London / Frankfurt (dpa) - As soon as the date for the end of the corona lockdown in Great Britain was set, many British people have secured flights and vacation trips to southern Europe.

In the hours after Prime Minister Boris Johnson's speech, bookings rose by 337 percent compared to the previous week and vacation bookings even increased by 630 percent, the airline Easyjet announced in Luton on Tuesday.

The largest British travel company Tui UK also recorded a six-fold increase in bookings.

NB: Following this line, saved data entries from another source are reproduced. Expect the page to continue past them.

(* Consider the upper half-space model $\mathbb{H}^3=\{(x_1,x_2,x_3)\in\mathbb{R}^3: x_3>0\}$ with metric $g=\frac{1}{x_3^2}(dx_1^2+dx_2^2+dx_3^2)$. Let $E$ be a complete, non-parabolic end of revolution in $\mathbb{H}^3$ about the $x_3$-axis. Then $\inf_{p\in E}x_3(p)=0$.
   Context: A complete end of revolution about the $x_3$-axis is the set $E=\{(\gamma_1(s)\cos\theta,\gamma_1(s)\sin\theta,\gamma_2(s)): s\ge0,\ \theta\in[0,2\pi)\}$, where $\gamma(s)=(\gamma_1(s),0,\gamma_2(s))$, $s\in[0,\infty)$, is a smooth regular curve with $\gamma_1>0$, $\gamma_2>0$ and infinite hyperbolic length; $E$ carries the induced metric. An end $E$ is parabolic if every bounded harmonic function on $E$ is determined by its boundary values; otherwise it is non-parabolic. *)

theory Defs
  imports "HOL-Analysis.Analysis"
begin

definition smooth_real :: "(real \<Rightarrow> real) \<Rightarrow> bool" where
  "smooth_real f \<longleftrightarrow> (\<forall>k x. ((deriv ^^ k) f) differentiable (at x))"

text \<open>Profile curve gamma(s) = (g1 s, 0, g2 s), s \<ge> 0, in the upper half-space model.
  Hyperbolic speed |gamma'|_hyp = sqrt(g1'^2 + g2'^2) / g2.\<close>
definition hyp_speed :: "(real \<Rightarrow> real) \<Rightarrow> (real \<Rightarrow> real) \<Rightarrow> real \<Rightarrow> real" where
  "hyp_speed g1 g2 s = sqrt ((deriv g1 s)\<^sup>2 + (deriv g2 s)\<^sup>2) / g2 s"

definition complete_end_curve :: "(real \<Rightarrow> real) \<Rightarrow> (real \<Rightarrow> real) \<Rightarrow> bool" where
  "complete_end_curve g1 g2 \<longleftrightarrow>
     smooth_real g1 \<and> smooth_real g2 \<and>
     (\<forall>s\<ge>0. g1 s > 0 \<and> g2 s > 0 \<and> (deriv g1 s)\<^sup>2 + (deriv g2 s)\<^sup>2 > 0) \<and>
     filterlim (\<lambda>T. integral {0..T} (hyp_speed g1 g2)) at_top at_top"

On the continent, providers are hoping for a similar boom, but the signal has not yet been received.

In Germany, providers such as the world's largest tourism group TUI or the Lufthansa subsidiary Eurowings want to market around 80 percent of their pre-crisis level in the coming summer.

“The longer the crisis lasts, the stronger people's longing to travel and fly grows.

As soon as travel restrictions fall, we will see enormous catch-up effects in tourism, ”Eurowings boss Jens Bischof announced weeks ago as a slogan.

"There will be a strong catch-up effect, especially in the summer months, so that during the holidays in July and August it is quite likely that the jets on many routes in the Mediterranean and to the Canary Islands will quickly be booked up", TUI Germany is also Chef Marek Andryszak convinced.


British Prime Minister Johnson presented the government plans for the island state's way out of the corona lockdown on Monday.

Accordingly, the restrictions are to be lifted step by step until there are no more restrictions at all from June 21st.

Holidays abroad could be allowed again from May 17th.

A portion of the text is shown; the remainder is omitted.